United States Army air base in Suffolk, England

During the Second World War Tostock Park was a sub-station of the United States Army Air Force, located in Tostock, near Bury St Edmunds, Suffolk. It was allocated Station No. 502, and supported by RAF Burtonwood.

The base was garrisoned by African-American soldiers from the 1517 Quartermaster (Battalion Mobile) (Aviation), consisting of:
- 1970 Quartermaster Truck Company (Aviation)
- 2023 Quartermaster Truck Company (Aviation)
- 2024 Quartermaster Truck Company (Aviation)
- 2104 Quartermaster Truck Company (Aviation) based in the neighbouring village of Drinkstone.

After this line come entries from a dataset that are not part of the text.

lemma scal_diff_right: "scal k (x - y) = scal k x - scal k y"
  by (rule sfun_eqI) (simp_all add: component_defs algebra_simps)

lemma scal_scal: "scal a (scal b x) = scal (b * a) x"
  by (simp add: scal_def mult.assoc mult.commute)

lemma scal_sum: "scal k (\<Sum>x\<in>S. f x) = (\<Sum>x\<in>S. scal k (f x))"
  by (rule sfun_eqI) (simp_all add: sum_sfun_apply scal_def sum_distrib_left)

lemma scal_cancel: "scal a X = scal b X \<Longrightarrow> a \<noteq> b \<Longrightarrow> X = 0"
  unfolding scal_def by (auto simp: fun_eq_iff)

lemma diff_eq_add_scal: "(x :: sfun) - y = x + scal (-1) y"
  by (rule sfun_eqI) (simp_all add: component_defs)

lemma par_add: "par (x + y) = par x + par y"
  by (rule sfun_eqI) (simp_all add: component_defs)

lemma Lw_add: "sfun_ok f \<Longrightarrow> sfun_ok u \<Longrightarrow> sfun_ok v \<Longrightarrow> Lw lam f p (u + v) = Lw lam f p u + Lw lam f p v"
  by (rule sfun_eqI) (simp_all add: component_defs algebra_simps add_divide_distrib diff_divide_distrib)

lemma Lw_diff: "sfun_ok f \<Longrightarrow> sfun_ok u \<Longrightarrow> sfun_ok v \<Longrightarrow> Lw lam f p (u - v) = Lw lam f p u - Lw lam f p v"
  by (rule sfun_eqI) (simp_all add: component_defs algebra_simps add_divide_distrib diff_divide_distrib)

lemma par_hom: "hom q F \<Longrightarrow> par F = scal ((-1) ^ q) F"
  unfolding hom_def by (auto intro!: sfun_eqI simp: par_def scal_def)

lemma hom_pd: "hom p f \<Longrightarrow> hom p (pd f)"
  unfolding hom_def pd_def by (auto simp: zero_fun_def)

lemma hom_scal: "hom p w \<Longrightarrow> hom p (scal k w)"
  unfolding hom_def scal_def by (auto simp: zero_fun_def)

definition even_part :: "sfun \<Rightarrow> sfun" where
  "even_part F = mk (c0 F) 0 0 (c12 F)"

definition odd_part :: "sfun \<Rightarrow> sfun" where
  "odd_part F = mk 0 (c1 F) (c2 F) 0"

lemma even_part_add_odd_part: "even_part F + odd_part F = F"
  by (rule sfun_eqI) (simp_all add: even_part_def odd_part_def plus_fun_def zero_fun_def)

lemma hom_even_part: "hom 0 (even_part F)"
  and hom_odd_part: "hom 1 (odd_part F)"
  by (simp_all add: hom_def even_part_def odd_part_def)

lemma sfun_ok_even_part: "sfun_ok F \<Longrightarrow> sfun_ok (even_part F)"
  and sfun_ok_odd_part: "sfun_ok F \<Longrightarrow> sfun_ok (odd_part F)"
  by (simp_all add: even_part_def odd_part_def zero_fun_def)

abbreviation "gen_1 \<equiv> mk (\<lambda>t. 1) 0 0 0"
abbreviation "gen_x \<equiv> mk (\<lambda>t. complex_of_real t) 0 0 0"
abbreviation "gen_x2 \<equiv> mk (\<lambda>t. (complex_of_real t)\<^sup>2) 0 0 0"
abbreviation "gen_xi12 \<equiv> mk 0 0 0 (\<lambda>t. 1)"
abbreviation "gen_xi1 \<equiv> mk 0 (\<lambda>t. 1) 0 0"
abbreviation "gen_xi2 \<equiv> mk 0 0 (\<lambda>t. 1) 0"
abbreviation "gen_x_xi1 \<equiv> mk 0 (\<lambda>t. complex_of_real t) 0 0"
abbreviation "gen_x_xi2 \<equiv> mk 0 0 (\<lambda>t. complex_of_real t) 0"

lemma osp_gens_mem:
  "(gen_1, 0) \<in> osp_gens" "(gen_x, 0) \<in> osp_gens" "(gen_x2, 0) \<in> osp_gens" "(gen_xi12, 0) \<in> osp_gens"
  "(gen_xi1, 1) \<in> osp_gens" "(gen_xi2, 1) \<in> osp_gens" "(gen_x_xi1, 1) \<in> osp_gens" "(gen_x_xi2, 1) \<in> osp_gens"
  unfolding osp_gens_def by simp_all

lemma sfun_ok_osp_gens: "(f, p) \<in> osp_gens \<Longrightarrow> sfun_ok f"
  unfolding osp_gens_def by (auto simp: smooth_c_intros zero_fun_def power2_eq_square)

lemma hom_osp_gens: "(f, p) \<in> osp_gens \<Longrightarrow> hom p f"
  unfolding osp_gens_def by (elim insertE emptyE; simp add: hom_def zero_fun_def)

lemma pd_add: "sfun_ok u \<Longrightarrow> sfun_ok v \<Longrightarrow> pd (u + v) = pd u + pd v"
  and D1_add: "sfun_ok u \<Longrightarrow> sfun_ok v \<Longrightarrow> D1 (u + v) = D1 u + D1 v"
  and D2_add: "sfun_ok u \<Longrightarrow> sfun_ok v \<Longrightarrow> D2 (u + v) = D2 u + D2 v"
  and pd_scal: "sfun_ok u \<Longrightarrow> pd (scal k u) = scal k (pd u)"
  and D1_scal: "sfun_ok u \<Longrightarrow> D1 (scal k u) = scal k (D1 u)"
  and D2_scal: "sfun_ok u \<Longrightarrow> D2 (scal k u) = scal k (D2 u)"
  by (rule sfun_eqI; simp add: component_defs)+

lemma sfun_ok_funpow: "(\<And>u. sfun_ok u \<Longrightarrow> sfun_ok (T u)) \<Longrightarrow> sfun_ok u \<Longrightarrow> sfun_ok ((T ^^ l) u)"
  by (induction l) auto

lemma funpow_add:
  assumes "\<And>u. sfun_ok u \<Longrightarrow> sfun_ok (T u)"
    and "\<And>u v. sfun_ok u \<Longrightarrow> sfun_ok v \<Longrightarrow> T (u + v) = T u + T v"
  shows "sfun_ok u \<Longrightarrow> sfun_ok v \<Longrightarrow> (T ^^ l) (u + v) = (T ^^ l) u + (T ^^ l) v"
  by (induction l) (auto simp: assms sfun_ok_funpow)

lemma funpow_scal:
  assumes "\<And>u. sfun_ok u \<Longrightarrow> sfun_ok (T u)"
    and "\<And>u. sfun_ok u \<Longrightarrow> T (scal k u) = scal k (T u)"
  shows "sfun_ok u \<Longrightarrow> (T ^^ l) (scal k u) = scal k ((T ^^ l) u)"
  by (induction l) (auto simp: assms sfun_ok_funpow)

definition monomial_op :: "nat \<Rightarrow> nat \<Rightarrow> nat \<Rightarrow> sfun \<Rightarrow> sfun" where
  "monomial_op l m n u = (pd ^^ l) ((D1 ^^ m) ((D2 ^^ n) u))"

lemma sfun_ok_monomial_op: "sfun_ok u \<Longrightarrow> sfun_ok (monomial_op l m n u)"
  unfolding monomial_op_def by (intro sfun_ok_funpow sfun_ok_pd sfun_ok_D1 sfun_ok_D2)

lemma monomial_op_add:
  "sfun_ok u \<Longrightarrow> sfun_ok v \<Longrightarrow> monomial_op l m n (u + v) = monomial_op l m n u + monomial_op l m n v"
  unfolding monomial_op_def by (simp add: funpow_add sfun_ok_funpow pd_add D1_add D2_add)

lemma monomial_op_scal: "sfun_ok u \<Longrightarrow> monomial_op l m n (scal k u) = scal k (monomial_op l m n u)"
  unfolding monomial_op_def by (simp add: funpow_scal sfun_ok_funpow pd_scal D1_scal D2_scal)

lemma diffopE:
  assumes "diffop A"
  obtains N a where "\<And>l m n. sfun_ok (a l m n)"
    "\<And>u. sfun_ok u \<Longrightarrow> A u = (\<Sum>l\<le>N. \<Sum>m<2. \<Sum>n<2. smul (a l m n) (monomial_op l m n u))"
  using assms unfolding diffop_def monomial_op_def by blast

lemma diffop_sfun_ok: "diffop A \<Longrightarrow> sfun_ok u \<Longrightarrow> sfun_ok (A u)"
  by (erule diffopE) (auto intro!: sfun_ok_sum simp: sfun_ok_monomial_op)

lemma diffop_add: "diffop A \<Longrightarrow> sfun_ok u \<Longrightarrow> sfun_ok v \<Longrightarrow> A (u + v) = A u + A v"
  by (erule diffopE) (simp add: monomial_op_add smul_add_right sum.distrib)

lemma diffop_scal: "diffop A \<Longrightarrow> sfun_ok u \<Longrightarrow> A (scal k u) = scal k (A u)"
  by (erule diffopE) (simp add: monomial_op_scal smul_scal_right scal_sum)

lemma diffop_diff: "diffop A \<Longrightarrow> sfun_ok u \<Longrightarrow> sfun_ok v \<Longrightarrow> A (u - v) = A u - A v"
  by (metis diff_eq_add_scal diffop_add diffop_scal sfun_ok_scal)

== African-American Soldiers at Tostock Park ==
The arrival of thousands of American servicemen throughout East Anglia became known as ‘The Friendly Invasion’ and the goodwill demonstrated by the villagers of Tostock towards ‘the yanks’ was extended in no small measure to the black servicemen who in turn frequented the village pub and hosted dances and parties for the locals on the military base which had become their temporary home overseas.

=== Brown Babies of African-American GIs at Tostock Park ===
Many of these African American soldiers struck up romances with local British women. During one of these parties, William Ellis who was serving in the 9th USAAF met with Olive Bumpstead before the allied forces' onslaught on Europe. Olive gave birth to their child, a Brown Baby, in November 1944 when William was already sent to France. And sadly, William was never heard from again. Their baby Eldridge William Marriott's last name belonged to Olive's then-husband who got soon divorced because she was not willing to cut ties with her newborn baby. William was then raised by his grandparents, aunt and uncle, who owned a cottage at Tostock Park.

Besides William, a bunch of mixed-race children were also living at Tostock Park. Some of them attended the Elmswell Primary School with William. Most of them spent their entire childhood at Tostock Park and ascended to Beyton Middle School and most of them experienced a welcoming atmosphere and acceptance by the other children and teachers.